Material shown START
(* Let $k$ be an algebraically closed field of characteristic $0$ and $\alpha$ a $k$-valued pseudocharacter of $\mathrm{Cob}_2$. Then $Z_\alpha(T)$ is rational of the form $$Z_\alpha(T)=\alpha_0+mT+\sum_{i=1}^s\frac{m_iT}{1-\lambda_iT}=\mu+mT+\sum_{i=1}^s\frac{m_i\lambda_i^{-1}}{1-\lambda_iT},$$ with $m\in\{0,1,2,\dots\}$, $s\ge0$, $m_i\in\{1,2,\dots\}$, $\lambda_i\in k^\times$, and $\mu=\alpha_0-\sum_{i=1}^s m_i\lambda_i^{-1}$. Moreover $\deg_\alpha(\mathbb S^1)=m+\sum_{i=1}^s m_i$, which equals the coefficient $\alpha_1$ of $T$ in $Z_\alpha(T)$.
   Context: $\mathrm{Cob}_2$ is the rigid symmetric monoidal category of oriented two-dimensional cobordisms between closed oriented one-manifolds (finite disjoint unions of circles), with unit the empty manifold $\emptyset$. An evaluation is a monoid homomorphism $\alpha:\mathrm{End}_{\mathrm{Cob}_2}(\emptyset)\to k$ (so $\alpha(\emptyset)=1$ and $\alpha$ is multiplicative on disjoint unions); it is determined by $\alpha_g:=\alpha(S_g)$, $S_g$ the closed connected oriented surface of genus $g$, and $Z_\alpha(T)=\sum_{g\ge0}\alpha_gT^g\in k[[T]]$. Extend $\alpha$ linearly to $k$-linear combinations of closed surfaces. For an object $N$ and $n\ge1$, the antisymmetrizer is $e^-_{N,n}=\sum_{\sigma\in S_n}\mathrm{sgn}(\sigma)\sigma\in k\,\mathrm{End}(N^{\sqcup n})$, $\sigma$ acting by the permutation cobordism. For a (linear combination of) endomorphism(s) $f$ of an object, $\mathrm{cl}(f)$ is its closure (categorical trace: gluing outgoing boundary to incoming boundary), a (combination of) closed surface(s). The degree $\deg_\alpha(N)$ is the least integer $d\ge0$ such that $\alpha(\mathrm{cl}(h\circ e^-_{N,d+1}))=0$ for all cobordisms $h\in\mathrm{End}_{\mathrm{Cob}_2}(N^{\sqcup(d+1)})$ ($\infty$ if none). $\alpha$ is a pseudocharacter (pseudo-TQFT) of $\mathrm{Cob}_2$ if $\deg_\alpha(N)<\infty$ for every object $N$. $\mathbb S^1$ denotes the circle. *)

theory Defs
  imports "HOL-Computational_Algebra.Computational_Algebra"
          "HOL-Combinatorics.Permutations"
          "HOL-Library.Multiset"
begin

text \<open>An object is (up to isomorphism) a finite disjoint union of M circles.
  A closed surface (endomorphism of the empty manifold) is a finite multiset of
  genera of its connected components.  An evaluation alpha is a monoid
  homomorphism from closed surfaces to k; it is the same as the sequence
  a g = alpha(S_g), and alpha(G) is the product of a over the components.\<close>

definition eval_closed :: "(nat \<Rightarrow> 'k::comm_ring_1) \<Rightarrow> nat multiset \<Rightarrow> 'k" where
  "eval_closed a G = prod_mset (image_mset a G)"

text \<open>An endomorphism h of the object consisting of M circles (a cobordism
  from M circles to M circles, up to diffeomorphism rel boundary) is encoded by
  (c, g, G): boundary circle (False, i) is the i-th incoming circle,
  (True, i) the i-th outgoing circle (i < M); c assigns to each boundary
  circle a label of the connected component containing it; g gives the genus of
  the component with a given label; G is the multiset of genera of closed
  components.  Every such triple describes a cobordism and every cobordism
  arises this way (classification of compact oriented surfaces).

  The closure of h composed with the permutation cobordism p is obtained by
  gluing the outgoing circle j of h to the incoming circle p j of h.
  Components of the result are the connected components of the graph whose
  vertices are the component labels of h and whose edges are these gluings;
  a component with vertex set C and e edges has genus
  (sum of genera over C) + e - card C + 1.\<close>

definition glue_edges :: "nat \<Rightarrow> (bool \<times> nat \<Rightarrow> nat) \<Rightarrow> (nat \<Rightarrow> nat) \<Rightarrow> (nat \<times> nat) set" where
  "glue_edges M c p = {(c (True, j), c (False, p j)) | j. j < M}"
Material shown END
▸ Exercise requirements
Using the records above, please retype only the run of lines from the line holding "G = prod_mset" through the last line, both ends included.

▸ Response
  "eval_closed a G = prod_mset (image_mset a G)"

text \<open>An endomorphism h of the object consisting of M circles (a cobordism
  from M circles to M circles, up to diffeomorphism rel boundary) is encoded by
  (c, g, G): boundary circle (False, i) is the i-th incoming circle,
  (True, i) the i-th outgoing circle (i < M); c assigns to each boundary
  circle a label of the connected component containing it; g gives the genus of
  the component with a given label; G is the multiset of genera of closed
  components.  Every such triple describes a cobordism and every cobordism
  arises this way (classification of compact oriented surfaces).

  The closure of h composed with the permutation cobordism p is obtained by
  gluing the outgoing circle j of h to the incoming circle p j of h.
  Components of the result are the connected components of the graph whose
  vertices are the component labels of h and whose edges are these gluings;
  a component with vertex set C and e edges has genus
  (sum of genera over C) + e - card C + 1.\<close>

definition glue_edges :: "nat \<Rightarrow> (bool \<times> nat \<Rightarrow> nat) \<Rightarrow> (nat \<Rightarrow> nat) \<Rightarrow> (nat \<times> nat) set" where
  "glue_edges M c p = {(c (True, j), c (False, p j)) | j. j < M}"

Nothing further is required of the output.